**WHAT YOU NEED TO DO:** Each line holding the string "define" is to be copied from the data.

**SOURCE MATERIAL:**
definition nonatomic_radon :: "'a::euclidean_space measure \<Rightarrow> bool" where
  "nonatomic_radon M \<longleftrightarrow> sets M = sets borel \<and>
     (\<forall>K. compact K \<longrightarrow> emeasure M K < \<infinity>) \<and>
     (\<forall>x. emeasure M {x} = 0)"

definition weight :: "'a measure \<Rightarrow> ('a \<Rightarrow> real) \<Rightarrow> bool" where
  "weight M w \<longleftrightarrow> w \<in> borel_measurable M \<and> (\<forall>x. 0 \<le> w x)"

definition conj_exp :: "real \<Rightarrow> real" where
  "conj_exp p = p / (p - 1)"

text \<open>The function w^(1-p'), with the convention 0^(negative) = infinity.\<close>
definition dual_weight :: "real \<Rightarrow> ('a \<Rightarrow> real) \<Rightarrow> 'a \<Rightarrow> ennreal" where
  "dual_weight p w x = (if w x = 0 then \<infinity> else ennreal (w x powr (1 - conj_exp p)))"

definition Ap_quantity :: "'a measure \<Rightarrow> real \<Rightarrow> ('a \<Rightarrow> real) \<Rightarrow> 'a set \<Rightarrow> ennreal" where
  "Ap_quantity M p w R =
     (let S = (\<integral>\<^sup>+x\<in>R. dual_weight p w x \<partial>M)
      in if S = \<infinity> then \<infinity>
         else ((\<integral>\<^sup>+x\<in>R. ennreal (w x) \<partial>M) / emeasure M R) *
              ennreal ((enn2real S / measure M R) powr (p - 1)))"

definition Ap_char :: "'a::euclidean_space measure \<Rightarrow> real \<Rightarrow> ('a \<Rightarrow> real) \<Rightarrow> ennreal" where
  "Ap_char M p w = (SUP R \<in> {R. adm_rect M R}. Ap_quantity M p w R)"

definition Ap_star :: "'a::euclidean_space measure \<Rightarrow> real \<Rightarrow> ('a \<Rightarrow> real) set" where
  "Ap_star M p = {w. weight M w \<and> Ap_char M p w < \<infinity>}"

definition avg :: "'a measure \<Rightarrow> ('a \<Rightarrow> real) \<Rightarrow> 'a set \<Rightarrow> real" where
  "avg M w R = enn2real (\<integral>\<^sup>+x\<in>R. ennreal (w x) \<partial>M) / measure M R"

end

theory Submission imports Defs begin

text \<open>On the sublevel set \<open>E = {x \<in> R. w x \<le> c}\<close> the dual weight \<open>w\<^sup>1\<^sup>-\<^sup>p\<^sup>'\<close> is at least
  \<open>c\<^sup>1\<^sup>-\<^sup>p\<^sup>'\<close>, so Chebyshev's inequality and the \<open>A\<^sub>p\<^sup>*\<close> condition on \<open>R\<close> give
  \<open>w\<^sub>R (\<mu>(E) / \<mu>(R))\<^sup>p\<^sup>-\<^sup>1 \<le> [w] c\<close>. For \<open>c = w\<^sub>R / (2\<^sup>p\<^sup>-\<^sup>1 [w])\<close> this says that \<open>E\<close> fills at most
  half of \<open>R\<close>, so for \<open>\<lambda> > w\<^sub>R\<close> we get
  \<open>w({x \<in> R. w x > \<lambda>}) \<le> w(R) = w\<^sub>R \<mu>(R) \<le> \<lambda> \<mu>(R) \<le> 2\<lambda> \<mu>(R - E)\<close>.\<close>

lemma rectangle_sets_borel:
  fixes R :: "'a::euclidean_space set"
  assumes "rectangle R"
  shows "R \<in> sets borel"
proof -
  from assms obtain I :: "'a \<Rightarrow> real set" where I: "\<forall>i\<in>Basis. is_interval (I i)"
    and R: "R = {x. \<forall>i\<in>Basis. x \<bullet> i \<in> I i}"
    unfolding rectangle_def by blast
  have "R = (\<Inter>i\<in>Basis. (\<lambda>x. x \<bullet> i) -` I i)"
    using R by auto
  moreover have "(\<lambda>x::'a. x \<bullet> i) -` I i \<in> sets borel" if "i \<in> Basis" for i
  proof -
    have [measurable]: "I i \<in> sets borel"
      using I that real_interval_borel_measurable by blast
    show ?thesis
      using measurable_sets_borel[of "\<lambda>x::'a. x \<bullet> i" borel "I i"] by simp
  qed
  ultimately show ?thesis
    by auto
qed

lemma borel_measurable_dual_weight [measurable]:
  assumes [measurable]: "w \<in> borel_measurable M"
  shows "dual_weight p w \<in> borel_measurable M"
  unfolding dual_weight_def by measurable

lemma dual_weight_pos: "0 < dual_weight p w x"
  by (simp add: dual_weight_def)

lemma nn_set_integral_dual_weight_nonzero:
  assumes [measurable]: "w \<in> borel_measurable M" "R \<in> sets M"
    and "emeasure M R \<noteq> 0"
  shows "(\<integral>\<^sup>+x\<in>R. dual_weight p w x \<partial>M) \<noteq> 0"
proof
  assume "(\<integral>\<^sup>+x\<in>R. dual_weight p w x \<partial>M) = 0"
  then have "AE x in M. dual_weight p w x * indicator R x = 0"
    using nn_integral_0_iff_AE[of "\<lambda>x. dual_weight p w x * indicator R x" M] by simp
  then have "AE x in M. x \<notin> R"
  proof eventually_elim
    case (elim x)
    then show ?case
      using dual_weight_pos[of p w x] by (auto simp: indicator_def split: if_splits)
  qed
  moreover have "{x \<in> space M. \<not> x \<notin> R} = R"
    using sets.sets_into_space[OF assms(2)] by auto
  ultimately show False
    using AE_iff_measurable[of R M "\<lambda>x. x \<notin> R"] assms(3) by simp
qed

lemma
  assumes [measurable]: "w \<in> borel_measurable M" "R \<in> sets M"
    and "0 < emeasure M R" "emeasure M R < \<infinity>"
    and "Ap_quantity M p w R \<noteq> \<infinity>"
  shows Ap_quantity_finite_dual: "(\<integral>\<^sup>+x\<in>R. dual_weight p w x \<partial>M) \<noteq> \<infinity>"
    and Ap_quantity_finite_weight: "(\<integral>\<^sup>+x\<in>R. ennreal (w x) \<partial>M) \<noteq> \<infinity>"
proof -
  define S where "S = (\<integral>\<^sup>+x\<in>R. dual_weight p w x \<partial>M)"
  show S_fin: "S \<noteq> \<infinity>"
    using assms(5) unfolding Ap_quantity_def S_def by auto
  have "0 < enn2real S / measure M R"
    using S_fin nn_set_integral_dual_weight_nonzero[of w M R p] assms(3,4)
    by (simp add: S_def enn2real_positive_iff less_top measure_def zero_less_iff_neq_zero)
  then have "ennreal ((enn2real S / measure M R) powr (p - 1)) \<noteq> 0"
    by (simp add: zero_less_divide_iff)
  then show "(\<integral>\<^sup>+x\<in>R. ennreal (w x) \<partial>M) \<noteq> \<infinity>"
    using assms(4,5) S_fin
    by (auto simp: Ap_quantity_def S_def[symmetric] ennreal_top_divide less_top[symmetric])
qed

lemma enn2real_divide_ennreal:
  assumes "0 < q"
  shows "enn2real (x / ennreal q) = enn2real x / q"
proof (cases x)
  case (real r)
  then show ?thesis
    using assms by (simp add: divide_ennreal)
qed (use assms in \<open>simp add: ennreal_top_divide\<close>)

lemma enn2real_Ap_quantity:
  assumes "0 < emeasure M R" "emeasure M R < \<infinity>"
    and "(\<integral>\<^sup>+x\<in>R. dual_weight p w x \<partial>M) \<noteq> \<infinity>"
  shows "enn2real (Ap_quantity M p w R) =
    avg M w R * (enn2real (\<integral>\<^sup>+x\<in>R. dual_weight p w x \<partial>M) / measure M R) powr (p - 1)"
proof -
  have "emeasure M R = ennreal (measure M R)"
    using assms(2) by (simp add: emeasure_eq_ennreal_measure less_top)
  moreover have "0 < measure M R"
    using assms(1,2) by (simp add: measure_def enn2real_positive_iff)
  ultimately show ?thesis
    using assms(3) by (simp add: Ap_quantity_def avg_def enn2real_mult enn2real_divide_ennreal)
qed

lemma avg_nonneg: "0 \<le> avg M w R"
  by (simp add: avg_def)

lemma nn_set_integral_eq_avg:
  assumes "0 < emeasure M R" "emeasure M R < \<infinity>"
    and "(\<integral>\<^sup>+x\<in>R. ennreal (w x) \<partial>M) \<noteq> \<infinity>"
  shows "(\<integral>\<^sup>+x\<in>R. ennreal (w x) \<partial>M) = ennreal (avg M w R * measure M R)"
proof -
  have "0 < measure M R"
    using assms(1,2) by (auto simp: measure_def enn2real_positive_iff)
  then show ?thesis
    using assms(3) by (simp add: avg_def ennreal_enn2real_if)
qed

lemma emeasure_zero_set_eq_0:
  assumes "weight M w" "R \<in> sets M"
    and "(\<integral>\<^sup>+x\<in>R. dual_weight p w x \<partial>M) \<noteq> \<infinity>"
  shows "emeasure M {x\<in>R. w x \<le> 0} = 0"
proof -
  have [measurable]: "w \<in> borel_measurable M" "R \<in> sets M"
    using assms(1,2) by (auto simp: weight_def)
  have "(\<integral>\<^sup>+x. \<infinity> * indicator {x\<in>R. w x \<le> 0} x \<partial>M) \<le> (\<integral>\<^sup>+x\<in>R. dual_weight p w x \<partial>M)"
    using assms(1) by (intro nn_integral_mono) (auto simp: indicator_def dual_weight_def weight_def
        intro: antisym)
  then have "\<infinity> * emeasure M {x\<in>R. w x \<le> 0} \<noteq> \<infinity>"
    using assms(3) by (auto simp: nn_integral_cmult_indicator top_unique)
  then show ?thesis
    by (auto simp: ennreal_top_mult split: if_splits)
qed

lemma conj_exp_powr_exponent:
  assumes "1 < p"
  shows "(1 - conj_exp p) * (p - 1) = -1" "1 - conj_exp p < 0"
proof -
  show eq: "(1 - conj_exp p) * (p - 1) = -1"
    using assms by (simp add: conj_exp_def field_simps)
  then have "(1 - conj_exp p) * (p - 1) < 0"
    by simp
  then show "1 - conj_exp p < 0"
    using assms by (simp add: mult_less_0_iff)
qed

lemma measure_sublevel_le_dual_integral:
  assumes "1 < p" "weight M w" "R \<in> sets M" "emeasure M R < \<infinity>"
    and "(\<integral>\<^sup>+x\<in>R. dual_weight p w x \<partial>M) \<noteq> \<infinity>"
    and "0 < c"
  shows "c powr (1 - conj_exp p) * measure M {x\<in>R. w x \<le> c}
    \<le> enn2real (\<integral>\<^sup>+x\<in>R. dual_weight p w x \<partial>M)"
proof -
  define E where "E = {x\<in>R. w x \<le> c}"
  define q where "q = 1 - conj_exp p"
  have [measurable]: "w \<in> borel_measurable M" "R \<in> sets M" "E \<in> sets M"
    using assms(2,3) by (auto simp: weight_def E_def)
  have E_fin: "emeasure M E = ennreal (measure M E)"
    using emeasure_mono[of E R M] assms(4)
    by (intro emeasure_eq_ennreal_measure) (auto simp: E_def top_unique)
  have "ennreal (c powr q) \<le> dual_weight p w x" if "x \<in> E" for x
  proof (cases "w x = 0")
    case False
    then have "c powr q \<le> w x powr q"
      using that conj_exp_powr_exponent(2)[OF assms(1)] assms(2)
      by (intro powr_mono2') (auto simp: E_def weight_def q_def order_le_neq_trans)
    then show ?thesis
      using False by (simp add: dual_weight_def q_def)
  qed (simp add: dual_weight_def)
  then have "(\<integral>\<^sup>+x. ennreal (c powr q) * indicator E x \<partial>M) \<le> (\<integral>\<^sup>+x\<in>R. dual_weight p w x \<partial>M)"
    by (intro nn_integral_mono) (auto simp: indicator_def E_def)
  then have "ennreal (c powr q * measure M E) \<le> (\<integral>\<^sup>+x\<in>R. dual_weight p w x \<partial>M)"
    by (simp add: nn_integral_cmult_indicator E_fin ennreal_mult'')
  from enn2real_mono[OF this] show ?thesis
    using assms(5) by (simp add: E_def q_def less_top)
qed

**ANSWER BELOW:**
  define S where "S = (\<integral>\<^sup>+x\<in>R. dual_weight p w x \<partial>M)"
  define E where "E = {x\<in>R. w x \<le> c}"
  define q where "q = 1 - conj_exp p"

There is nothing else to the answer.